WORK REQUEST
Lines before the one containing "v(1)] by blast" are left out; return that line and all lines after it, exactly, through the end of the records below.

Dataset records
-.-.-

lemma coset2_eq_iff:
  assumes "subgrp G"
  shows "coset2 G a = coset2 G b \<longleftrightarrow> cong2 G a b"
proof
  assume "coset2 G a = coset2 G b"
  moreover have "a \<in> coset2 G a"
    unfolding coset2_def using subgrp_0[OF assms] by force
  ultimately show "cong2 G a b" unfolding coset2_def cong2_def by auto
next
  have sub: "coset2 G x \<subseteq> coset2 G y" if xy: "cong2 G x y" for x y
  proof
    fix z assume "z \<in> coset2 G x"
    then obtain v where v: "v \<in> G" "z = x + 2 *\<^sub>R v" unfolding coset2_def by blast
    obtain w where w: "w \<in> G" "x - y = 2 *\<^sub>R w" using xy unfolding cong2_def by blast
    have "z = y + 2 *\<^sub>R (w + v)" using v w by (simp add: algebra_simps)
    then show "z \<in> coset2 G y" unfolding coset2_def using subgrp_add[OF assms w(1) v(1)] by blast
  qed
  assume "cong2 G a b"
  then show "coset2 G a = coset2 G b"
    using sub cong2_sym[OF assms] by blast
qed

-.-.-

RESULT OF THE TASK
    then show "z \<in> coset2 G y" unfolding coset2_def using subgrp_add[OF assms w(1) v(1)] by blast
  qed
  assume "cong2 G a b"
  then show "coset2 G a = coset2 G b"
    using sub cong2_sym[OF assms] by blast
qed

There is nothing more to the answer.